Here we will interpret `tibble` simply as a dataframe. More information can be found in the document here [(link)](https://tibble.tidyverse.org/).

Notice the types of the variables above. They include:

* **int** integers
* **dbl** double precision floating point numbers
* **chr** character vectors, or strings
* **dttm** date-time (a date along with a time)

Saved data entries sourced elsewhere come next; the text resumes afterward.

(* Let $n\ge0$ be an integer, $\omega\in\mathbb{R}$ and $\theta_0\in\mathbb{T}$, with $\theta_j=\theta_0+j\omega$. Suppose that for each $0\le k\le n$, $(\Sigma_k,\theta_0)$ is a reversed $(r_k,l_k,a_k)$-system. Then for every integer $t>0$, $$\frac{|\{0\le j<t:\theta_{-j}\in\bigcup_{k=0}^n\Sigma_k\}|}{t}\le\sum_{k=0}^n\Big(\frac{l_k}{t}+\frac{l_k}{r_k+l_k}\Big)$$ and $$\frac{|\{0\le j<t:\theta_{-j}\in\bigcup_{k=0}^n\Sigma_k\}|}{t}\le\sum_{k=0}^n\frac{l_k}{m_k+l_k},\qquad m_k=\min\{a_k,r_k\}.$$
   Context: Fix $\Sigma\subset\mathbb{T}$ and the orbit $\theta_j=\theta_0+j\omega$, $j\in\mathbb{Z}$. $\Sigma$ has minimal return time $r>0$ if every maximal block of consecutive iterates outside $\Sigma$ lying between two visits to $\Sigma$ has length at least $r$; it has maximal confinement time $l>0$ if every block of consecutive iterates all lying in $\Sigma$ has length at most $l$. $(\Sigma,\theta_0)$ is a reversed $(r,l,a)$-system if $\Sigma$ has minimal return time $r$, maximal confinement time $l$, and reversed accumulation time $a\ge0$, meaning $\theta_{-i}\notin\Sigma$ for all $0\le i<a$. *)

theory Defs
  imports Complex_Main
begin

text \<open>The circle T = R/Z is represented by [0,1); a point of T is the fractional
part of a real. The orbit is theta_j = theta_0 + j omega (mod 1), j an integer.\<close>

definition orbit :: "real \<Rightarrow> real \<Rightarrow> int \<Rightarrow> real" where
  "orbit \<theta>0 \<omega> j = frac (\<theta>0 + of_int j * \<omega>)"

definition min_return_time :: "real set \<Rightarrow> real \<Rightarrow> real \<Rightarrow> nat \<Rightarrow> bool" where
  "min_return_time \<Sigma> \<theta>0 \<omega> r \<longleftrightarrow>
     (\<forall>i j::int. i + 1 < j \<and> orbit \<theta>0 \<omega> i \<in> \<Sigma> \<and> orbit \<theta>0 \<omega> j \<in> \<Sigma> \<and>
        (\<forall>k. i < k \<and> k < j \<longrightarrow> orbit \<theta>0 \<omega> k \<notin> \<Sigma>) \<longrightarrow> int r \<le> j - i - 1)"

definition max_confinement_time :: "real set \<Rightarrow> real \<Rightarrow> real \<Rightarrow> nat \<Rightarrow> bool" where
  "max_confinement_time \<Sigma> \<theta>0 \<omega> l \<longleftrightarrow>
     (\<forall>(i::int) (m::nat). (\<forall>k. i \<le> k \<and> k < i + int m \<longrightarrow> orbit \<theta>0 \<omega> k \<in> \<Sigma>) \<longrightarrow> m \<le> l)"

definition reversed_system :: "real set \<Rightarrow> real \<Rightarrow> real \<Rightarrow> nat \<Rightarrow> nat \<Rightarrow> nat \<Rightarrow> bool" where
  "reversed_system \<Sigma> \<theta>0 \<omega> r l a \<longleftrightarrow>
     0 < r \<and> 0 < l \<and> min_return_time \<Sigma> \<theta>0 \<omega> r \<and> max_confinement_time \<Sigma> \<theta>0 \<omega> l \<and>
     (\<forall>i::nat. i < a \<longrightarrow> orbit \<theta>0 \<omega> (- int i) \<notin> \<Sigma>)"

end

theory Submission
  imports Defs
begin

text \<open>Read the backward orbit \<open>\<theta>\<^sub>0, \<theta>\<^sub>-\<^sub>1, \<theta>\<^sub>-\<^sub>2, \<dots>\<close> as a 0/1 sequence recording visits
  to \<open>\<Sigma>\<close>. Its blocks of visits have length \<open>q \<le> l\<close>, and every block but the first is
  preceded by a gap of length \<open>d \<ge> r\<close>, so \<open>q (m + l) \<le> (d + q) l\<close> whenever \<open>m \<le> r\<close>;
  the first block is preceded by at least \<open>a\<close> non-visits, or is paid for by an additive
  error \<open>r l\<close>. Summing over the blocks up to time \<open>t\<close> bounds the number of visits, and a
  union bound handles finitely many sets.\<close>

definition visits :: "(nat \<Rightarrow> bool) \<Rightarrow> nat \<Rightarrow> nat" where
  "visits P t = card {j \<in> {0..<t}. P j}"

lemma visits_0 [simp]: "visits P 0 = 0"
  by (simp add: visits_def)

lemma visits_Suc [simp]: "visits P (Suc t) = visits P t + (if P t then 1 else 0)"
proof -
  have "{j \<in> {0..<Suc t}. P j} = {j \<in> {0..<t}. P j} \<union> (if P t then {t} else {})"
    by (auto simp: less_Suc_eq)
  then show ?thesis
    by (auto simp: visits_def card_insert_if)
qed

lemma visits_add_all:
  "(\<And>k. s \<le> k \<Longrightarrow> k < s + q \<Longrightarrow> P k) \<Longrightarrow> visits P (s + q) = visits P s + q"
  by (induction q) auto

lemma visits_add_none:
  "(\<And>k. s \<le> k \<Longrightarrow> k < s + q \<Longrightarrow> \<not> P k) \<Longrightarrow> visits P (s + q) = visits P s"
  by (induction q) auto

lemma final_run_start:
  fixes t :: nat
  shows "\<exists>s \<le> t. (\<forall>k. s \<le> k \<and> k < t \<longrightarrow> P k) \<and> (s = 0 \<or> \<not> P (s - 1))"
proof (induction t)
  case (Suc t)
  then obtain s where s: "s \<le> t" "\<forall>k. s \<le> k \<and> k < t \<longrightarrow> P k" "s = 0 \<or> \<not> P (s - 1)"
    by blast
  show ?case
  proof (cases "P t")
    case True
    with s show ?thesis by (intro exI[of _ s]) (auto simp: less_Suc_eq)
  qed (intro exI[of _ "Suc t"], auto)
qed simp

lemma none_or_last_before:
  fixes u :: nat
  shows "(\<forall>k < u. \<not> P k) \<or> (\<exists>p < u. P p \<and> (\<forall>k. p < k \<and> k < u \<longrightarrow> \<not> P k))"
proof (induction u)
  case (Suc u)
  then show ?case
    by (cases "P u") (auto simp: less_Suc_eq)
qed simp

text \<open>\<open>E\<close> is the additive error allowed for the first block; the two bounds of the theorem
  are the instances \<open>(m, E) = (r, r l)\<close> and \<open>(m, E) = (min a r, 0)\<close>.\<close>

lemma visits_weighted_bound:
  fixes P :: "nat \<Rightarrow> bool"
  assumes confined: "\<And>i q. (\<And>k. i \<le> k \<Longrightarrow> k < i + q \<Longrightarrow> P k) \<Longrightarrow> q \<le> l"
    and returns: "\<And>i j. i + 1 < j \<Longrightarrow> P i \<Longrightarrow> P j \<Longrightarrow> (\<And>k. i < k \<Longrightarrow> k < j \<Longrightarrow> \<not> P k)
                    \<Longrightarrow> r \<le> j - i - 1"
    and "m \<le> r"
    and first: "\<And>s. P s \<Longrightarrow> (\<And>i. i < s \<Longrightarrow> \<not> P i) \<Longrightarrow> m * l \<le> s * l + E"
  shows "visits P t * (m + l) \<le> t * l + E"
proof (induction t rule: less_induct)
  case (less t)
  obtain s where s: "s \<le> t" "\<And>k. s \<le> k \<Longrightarrow> k < t \<Longrightarrow> P k" "s = 0 \<or> \<not> P (s - 1)"
    using final_run_start[of t P] by blast
  show ?case
  proof (cases "s = t")
    case True
    then show ?thesis
    proof (cases t)
      case (Suc t')
      with True s(3) have "visits P t = visits P t'" by simp
      with less.IH[of t'] Suc show ?thesis by (simp add: add_mono)
    qed simp
  next
    case False
    define q where "q = t - s"
    have t_eq: "t = s + q" and "P s"
      using s False by (auto simp: q_def)
    have visits_t: "visits P t = visits P s + q"
      unfolding t_eq by (rule visits_add_all) (use s(2) t_eq in auto)
    have "q \<le> l"
      by (rule confined[of s q]) (use s(2) t_eq in auto)
    then have qm: "q * m \<le> l * m" by (rule mult_le_mono1)
    from none_or_last_before[of s P] show ?thesis
    proof
      assume "\<forall>k < s. \<not> P k"
      then have "visits P s = 0" and "m * l \<le> s * l + E"
        using visits_add_none[of 0 s P] first[OF \<open>P s\<close>] by auto
      moreover have "visits P t * (m + l) = q * m + q * l" and "t * l = s * l + q * l"
        using visits_t \<open>visits P s = 0\<close> by (simp_all add: t_eq algebra_simps)
      ultimately show ?thesis
        using qm mult.commute[of l m] by linarith
    next
      assume "\<exists>p < s. P p \<and> (\<forall>k. p < k \<and> k < s \<longrightarrow> \<not> P k)"
      then obtain p where p: "p < s" "P p" "\<forall>k. p < k \<and> k < s \<longrightarrow> \<not> P k" by blast
      with s(3) have "p + 1 < s" by (cases "p = s - 1") auto
      define d where "d = s - p - 1"
      have s_eq: "s = (p + 1) + d"
        using \<open>p + 1 < s\<close> by (simp add: d_def)
      have "r \<le> d"
        unfolding d_def by (rule returns[OF \<open>p + 1 < s\<close> p(2) \<open>P s\<close>]) (use p in auto)
      with qm \<open>m \<le> r\<close> have gap: "q * m \<le> d * l"
        by (metis le_trans mult.commute mult_le_mono2)
      have "visits P s = visits P (p + 1)"
        unfolding s_eq by (rule visits_add_none) (use p s_eq in auto)
      moreover have "visits P (p + 1) * (m + l) \<le> (p + 1) * l + E"
        using \<open>p + 1 < s\<close> t_eq by (intro less.IH) simp
      ultimately show ?thesis
        using visits_t gap by (simp add: t_eq s_eq algebra_simps)
    qed
  qed
qed

lemma backward_confinement:
  assumes "max_confinement_time \<Sigma> \<theta>0 \<omega> l"
    and "\<And>k. i \<le> k \<Longrightarrow> k < i + q \<Longrightarrow> orbit \<theta>0 \<omega> (- int k) \<in> \<Sigma>"
  shows "q \<le> l"
proof -
  have "orbit \<theta>0 \<omega> k \<in> \<Sigma>" if "1 - int (i + q) \<le> k" "k < 1 - int (i + q) + int q" for k
    using assms(2)[of "nat (- k)"] that by simp
  with assms(1) show ?thesis
    unfolding max_confinement_time_def by blast
qed

lemma backward_return:
  assumes "min_return_time \<Sigma> \<theta>0 \<omega> r" and "i + 1 < j"
    and "orbit \<theta>0 \<omega> (- int i) \<in> \<Sigma>" "orbit \<theta>0 \<omega> (- int j) \<in> \<Sigma>"
    and "\<And>k. i < k \<Longrightarrow> k < j \<Longrightarrow> orbit \<theta>0 \<omega> (- int k) \<notin> \<Sigma>"
  shows "r \<le> j - i - 1"
proof -
  have "orbit \<theta>0 \<omega> k \<notin> \<Sigma>" if "- int j < k" "k < - int i" for k
    using assms(5)[of "nat (- k)"] that by simp
  moreover have "- int j + 1 < - int i"
    using assms(2) by simp
  ultimately have "int r \<le> - int i - - int j - 1"
    using assms(1,3,4) unfolding min_return_time_def by blast
  then show ?thesis by simp
qed

lemma reversed_system_visits_bounds:
  fixes t :: nat
  assumes "reversed_system \<Sigma> \<theta>0 \<omega> r l a"
  defines "c \<equiv> visits (\<lambda>j. orbit \<theta>0 \<omega> (- int j) \<in> \<Sigma>) t"
  shows "c * (r + l) \<le> t * l + r * l" and "c * (min a r + l) \<le> t * l"
proof -
  have mrt: "min_return_time \<Sigma> \<theta>0 \<omega> r" and mct: "max_confinement_time \<Sigma> \<theta>0 \<omega> l"
    and accumulation: "\<And>i. i < a \<Longrightarrow> orbit \<theta>0 \<omega> (- int i) \<notin> \<Sigma>"
    using assms(1) unfolding reversed_system_def by auto
  note bound = visits_weighted_bound[where P = "\<lambda>j. orbit \<theta>0 \<omega> (- int j) \<in> \<Sigma>" and l = l and r = r and t = t,
      OF backward_confinement[OF mct] backward_return[OF mrt], folded c_def]
  show "c * (r + l) \<le> t * l + r * l"
    by (rule bound) auto
  have "c * (min a r + l) \<le> t * l + 0"
  proof (rule bound)
    fix s assume "orbit \<theta>0 \<omega> (- int s) \<in> \<Sigma>"
    with accumulation have "a \<le> s" by (meson not_le)
    then show "min a r * l \<le> s * l + 0"
      by (simp add: mult_le_mono1 min.coboundedI1)
  qed auto
  then show "c * (min a r + l) \<le> t * l" by simp
qed

lemma reversed_system_visit_frequency:
  fixes t :: nat
  assumes sys: "reversed_system \<Sigma> \<theta>0 \<omega> r l a" and "0 < t"
  defines "c \<equiv> card {j \<in> {0..<t}. orbit \<theta>0 \<omega> (- int j) \<in> \<Sigma>}"
  shows "real c / real t \<le> real l / real t + real l / (real r + real l)"
    and "real c / real t \<le> real l / (real (min a r) + real l)"
proof -
  have c_visits: "c = visits (\<lambda>j. orbit \<theta>0 \<omega> (- int j) \<in> \<Sigma>) t"
    by (simp add: c_def visits_def)
  have "0 < l" using sys by (simp add: reversed_system_def)
  then have rl: "0 < real r + real l" and ml: "0 < real (min a r) + real l" by auto
  have "real c * (real r + real l) \<le> real t * real l + real r * real l"
    using reversed_system_visits_bounds(1)[OF sys, of t, folded c_visits] by (simp flip: of_nat_mult of_nat_add)
  then have "real c \<le> (real t * real l + real r * real l) / (real r + real l)"
    using rl by (simp add: pos_le_divide_eq)
  also have "\<dots> = real t * (real l / (real r + real l)) + real l * (real r / (real r + real l))"
    by (simp add: add_divide_distrib mult.commute)
  also have "\<dots> \<le> real t * (real l / (real r + real l)) + real l"
    using rl by (intro add_left_mono mult_left_le) auto
  finally show "real c / real t \<le> real l / real t + real l / (real r + real l)"
    using \<open>0 < t\<close> by (simp add: divide_le_eq add_divide_distrib algebra_simps)
  have "real c * (real (min a r) + real l) \<le> real t * real l"
    using reversed_system_visits_bounds(2)[OF sys, of t, folded c_visits] by (simp flip: of_nat_mult of_nat_add)
  then show "real c / real t \<le> real l / (real (min a r) + real l)"
    using ml \<open>0 < t\<close> by (simp add: divide_le_eq le_divide_eq field_simps)
qed

theorem lemmaB2:
  fixes n :: nat and \<omega> \<theta>0 :: real and \<Sigma> :: "nat \<Rightarrow> real set"
    and r l a :: "nat \<Rightarrow> nat" and t :: nat
  assumes sys: "\<And>k. k \<le> n \<Longrightarrow> reversed_system (\<Sigma> k) \<theta>0 \<omega> (r k) (l k) (a k)"
    and t: "0 < t"
  shows "real (card {j \<in> {0..<t}. orbit \<theta>0 \<omega> (- int j) \<in> (\<Union>k\<le>n. \<Sigma> k)}) / real t
           \<le> (\<Sum>k\<le>n. real (l k) / real t + real (l k) / (real (r k) + real (l k)))
         \<and> real (card {j \<in> {0..<t}. orbit \<theta>0 \<omega> (- int j) \<in> (\<Union>k\<le>n. \<Sigma> k)}) / real t
           \<le> (\<Sum>k\<le>n. real (l k) / (real (min (a k) (r k)) + real (l k)))"
proof -
  define C where "C k = card {j \<in> {0..<t}. orbit \<theta>0 \<omega> (- int j) \<in> \<Sigma> k}" for k
  have "{j \<in> {0..<t}. orbit \<theta>0 \<omega> (- int j) \<in> (\<Union>k\<le>n. \<Sigma> k)}
       = (\<Union>k\<le>n. {j \<in> {0..<t}. orbit \<theta>0 \<omega> (- int j) \<in> \<Sigma> k})" by auto
  then have "card {j \<in> {0..<t}. orbit \<theta>0 \<omega> (- int j) \<in> (\<Union>k\<le>n. \<Sigma> k)} \<le> (\<Sum>k\<le>n. C k)"
    unfolding C_def by (simp add: card_UN_le)
  then have union_bound: "real (card {j \<in> {0..<t}. orbit \<theta>0 \<omega> (- int j) \<in> (\<Union>k\<le>n. \<Sigma> k)}) / real t
        \<le> (\<Sum>k\<le>n. real (C k) / real t)"
    using t by (simp add: divide_right_mono flip: sum_divide_distrib of_nat_sum)
  have "(\<Sum>k\<le>n. real (C k) / real t)
      \<le> (\<Sum>k\<le>n. real (l k) / real t + real (l k) / (real (r k) + real (l k)))"
    and "(\<Sum>k\<le>n. real (C k) / real t) \<le> (\<Sum>k\<le>n. real (l k) / (real (min (a k) (r k)) + real (l k)))"
    using reversed_system_visit_frequency[OF sys t] by (auto simp: C_def intro: sum_mono)
  with union_bound show ?thesis by linarith
qed

end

Other types available in `R` but not represented above include:

* **lgl** logical (either `TRUE` or `FALSE`)
* **fctr** factor (categorical variable with a fixed number of possible values)
* **date** date

### C.2.1 Filtering 
The first operation we'll learn about is filtering. Filtering is interpereted to mean "keep only the rows which match these criteria". The syntax for the `filter` command is 
```{r}
filter(<TIBBLE>, <LOGICAL CRITERIA>)
```
This commands returns a new tibble whose rows all match the specified criteria.

Let's first narrow down to all flights that departed on December 31.

In [3]:
filter(flights, (month == 12) & (day == 31)  )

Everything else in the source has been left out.